Lavorare in questa parte della periferia lombarda, che, tra l’altro, ha precise caratteristiche orografiche, non è semplice. Occorre essere animati prima di tutta da tanta passione e onorare sempre la toga che si indossa in Tribunale. «Il nostro territorio – commenta Lanzini – copre una superficie montana enorme, fatta di bellezze e asperità uniche. D’inverno, molti dei nostri passi montani sono chiusi e le distanze si allungano. Di vicino c’è solo la Svizzera, che dista una manciata di chilometri e parla preferibilmente tedesco. Noi avvocati presidiamo il territorio con i nostri studi professionali disseminati in tutta la provincia anche a 1800 metri di altitudine. Siamo avamposti di legalità e strumento di pacificazione sociale. L’avvocatura a Sondrio è sincera e corretta ed osserva un galateo professionale persino più rigoroso del codice deontologico. So bene che ci stiamo muovendo a grandi passi verso le specializzazioni. Io per prima ne sono sostenitrice e non dimentico il grande patrimonio di sapere che abbiamo nei nostri studi, dove gli avvocati passano dalla trattazione degli affari civili a quelli penali senza batter ciglio e lo fanno con competenza e serietà. Il nostro è un territorio che parla un linguaggio aspro e spesso non riesce a trattenere neppure chi ci è nato. Così, abbiamo un enorme ricambio di magistrati, soprattutto i più giovani, che si formano nei primi anni della loro carriera nel nostro Tribunale e alla prima occasione si trasferiscono altrove. Lo stesso discorso vale per il personale amministrativo assegnato qui, che si sente in transito. Il ciclico ricambio di magistrati e la carenza di personale amministrativo incidono, rallentandoli, sui tempi di definizione dei processi anche se i numeri ci dicono che la giustizia a Sondrio sta funzionando».

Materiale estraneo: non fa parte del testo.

(* Under the hypotheses of the setting below, the functions $\Phi=\varphi\Delta^{-1}=W\{\varphi\}C^{-1}$ and $\Psi=\psi(\Delta^{-1})^\top=(W^{-1})^\tau\{\psi\}(C^\top)^{-1}$ satisfy $$\hat L_{k,l}\{\Phi\}+c_l(\hat M_n)^{l+1}\{\Phi\}=0,\qquad \hat L_{k,l}^\tau\{\Psi\}+c_l(\hat M_n^\tau)^{l+1}\{\Psi\}=0,$$ where $\hat L_{k,l}=WL_{k,l}W^{-1}$ and $\hat M_n=WM_nW^{-1}$.
   Context: $D=\partial/\partial x$. Operators are formal matrix pseudodifferential operators in $D$ whose coefficients are $N\times N$ matrix functions of $x$ and $t_n$; they may also contain $\partial_{t_n}$, which commutes with $D$. $P\{f\}$ is the action on $f$, with $D^{-1}$ a fixed $x$-antiderivative commuting with $\partial_{t_n}$. The formal transpose $P^\tau$ is the anti-automorphism with $(fD^i)^\tau=(-1)^iD^if^\top$, $\partial_{t_n}^\tau=-\partial_{t_n}$, $(PQ)^\tau=Q^\tau P^\tau$. Setting. Data: $k,n\in\mathbb N$; $l\ge0$; $c_l,\alpha_n\in\mathbb C$; $\mathcal J_k,\tilde{\mathcal J}_n$ commuting constant $N\times N$ matrices; $u_j,v_i$ are $N\times N$ matrix functions; $\mathbf q,\mathbf r$ are $N\times m$ matrix functions; $\mathcal M_0$ is a constant $m\times m$ matrix. Operators: $$M_n=\alpha_n\partial_{t_n}-\tilde{\mathcal J}_nD^n-\sum_{i=0}^{n-1}v_iD^i-\mathbf q\mathcal M_0D^{-1}\mathbf r^\top,$$ $$L_{k,l}=\mathcal J_kD^k+\sum_{j=0}^{k-1}u_jD^j+c_l\sum_{j=0}^l\mathbf q[j]\mathcal M_0D^{-1}\mathbf r^\top[l-j],$$ with $\mathbf q[j]=M_n^j\{\mathbf q\}$ and $\mathbf r^\top[j]=((M_n^\tau)^j\{\mathbf r\})^\top$. Hypotheses: $N\times K$ matrix functions $\varphi,\psi$ satisfy $M_n\{\varphi\}=\varphi\Lambda$, $M_n^\tau\{\psi\}=\psi\tilde\Lambda$, $L_{k,l}\{\varphi\}=-c_l\varphi\Lambda^{l+1}$ and $L^\tau_{k,l}\{\psi\}=-c_l\psi\tilde\Lambda^{l+1}$, where $\Lambda,\tilde\Lambda$ are constant $K\times K$ matrices. $C$ is a constant invertible $K\times K$ matrix, $\Delta=C+D^{-1}\{\psi^\top\varphi\}$, $W=I-\varphi\Delta^{-1}D^{-1}\psi^\top$, and $W^{-1}=I+\varphi D^{-1}\Delta^{-1}\psi^\top$. *)

theory Defs
  imports "Jordan_Normal_Form.Matrix"
begin

text \<open>The matrix functions of x and t_n are modelled by
matrices over a commutative ring of scalar functions 'a, equipped with commuting
derivations Dx (= d/dx) and Dt (= d/dt_n), a fixed antiderivative J (= D^{-1}) commuting
with Dt, and an embedding emb of complex constants.  The antiderivative is normalised like
an integral from a base point x0: the boundary term E f = f - J (Dx f) (evaluation at x0)
is additive and multiplicative.\<close>

definition diff_setting ::
  "('a::comm_ring_1 \<Rightarrow> 'a) \<Rightarrow> ('a \<Rightarrow> 'a) \<Rightarrow> ('a \<Rightarrow> 'a) \<Rightarrow> (complex \<Rightarrow> 'a) \<Rightarrow> bool" where
  "diff_setting Dx Dt J emb \<longleftrightarrow>
     (\<forall>f g. Dx (f + g) = Dx f + Dx g \<and> Dx (f * g) = Dx f * g + f * Dx g) \<and>
     (\<forall>f g. Dt (f + g) = Dt f + Dt g \<and> Dt (f * g) = Dt f * g + f * Dt g) \<and>
     (\<forall>f. Dx (Dt f) = Dt (Dx f)) \<and>
     (\<forall>f. Dx (J f) = f) \<and>
     (\<forall>f g. J (f + g) = J f + J g) \<and>
     (\<forall>f. J (Dt f) = Dt (J f)) \<and>
     (\<forall>f g. (f - J (Dx f)) * (g - J (Dx g)) = f * g - J (Dx (f * g))) \<and>
     (\<forall>a b. emb (a + b) = emb a + emb b \<and> emb (a * b) = emb a * emb b) \<and> emb 1 = 1 \<and>
     (\<forall>a. Dx (emb a) = 0 \<and> Dt (emb a) = 0)"

text \<open>Operator expressions (formal matrix pseudodifferential operators in D, possibly
containing the t-derivative).  Coefficients are matrices of arbitrary compatible shape.\<close>

datatype 'a opr =
    Id
  | Zero
  | Mul "'a mat"
  | Dop
  | Iop
  | Top
  | Scal 'a "'a opr"
  | Add "'a opr" "'a opr"
  | Comp "'a opr" "'a opr"

fun act :: "('a::comm_ring_1 \<Rightarrow> 'a) \<Rightarrow> ('a \<Rightarrow> 'a) \<Rightarrow> ('a \<Rightarrow> 'a) \<Rightarrow> 'a opr \<Rightarrow> 'a mat \<Rightarrow> 'a mat" where
  "act Dx Dt J Id f = f"
| "act Dx Dt J Zero f = 0\<^sub>m (dim_row f) (dim_col f)"
| "act Dx Dt J (Mul A) f = A * f"
| "act Dx Dt J Dop f = map_mat Dx f"
| "act Dx Dt J Iop f = map_mat J f"
| "act Dx Dt J Top f = map_mat Dt f"
| "act Dx Dt J (Scal c P) f = c \<cdot>\<^sub>m act Dx Dt J P f"
| "act Dx Dt J (Add P Q) f = act Dx Dt J P f + act Dx Dt J Q f"
| "act Dx Dt J (Comp P Q) f = act Dx Dt J P (act Dx Dt J Q f)"

fun tau :: "'a::comm_ring_1 opr \<Rightarrow> 'a opr" where
  "tau Id = Id"
| "tau Zero = Zero"
| "tau (Mul A) = Mul (transpose_mat A)"
| "tau Dop = Scal (-1) Dop"
| "tau Iop = Scal (-1) Iop"
| "tau Top = Scal (-1) Top"
| "tau (Scal c P) = Scal c (tau P)"
| "tau (Add P Q) = Add (tau P) (tau Q)"
| "tau (Comp P Q) = Comp (tau Q) (tau P)"

fun opow :: "'a opr \<Rightarrow> nat \<Rightarrow> 'a opr" where
  "opow P 0 = Id"
| "opow P (Suc i) = Comp P (opow P i)"

fun osum :: "(nat \<Rightarrow> 'a opr) \<Rightarrow> nat \<Rightarrow> 'a opr" where
  "osum F 0 = Zero"
| "osum F (Suc i) = Add (osum F i) (F i)"

definition cmat :: "(complex \<Rightarrow> 'a) \<Rightarrow> complex mat \<Rightarrow> 'a mat" where
  "cmat emb A = map_mat emb A"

In Lombardia il valore del gioco di squadra è preso fortemente in considerazione. Il Foro di Sondrio è in rete con gli altri Coa lombardi. Una scelta precisa dalla quale è nata l’Unione lombarda Ordini forensi. «L’Unione – conclude Lanzini – è un momento di sintesi preziosa per l’avvocatura lombarda, perché permette alla classe forense dell’intera regione di avere un confronto costante e di muoversi lungo direttrici omogenee e condivise. Qui si incontrano le diverse sensibilità dell’avvocatura. Da quella dei grandi centri metropolitani a quella montana. Nell’Unione lombarda abbiamo un contatto diretto con i nostri consiglieri del Cnf e con l’Ocf. Un continuo travaso di idee per fare grandi cose». E per evitare che nessuno resti indietro.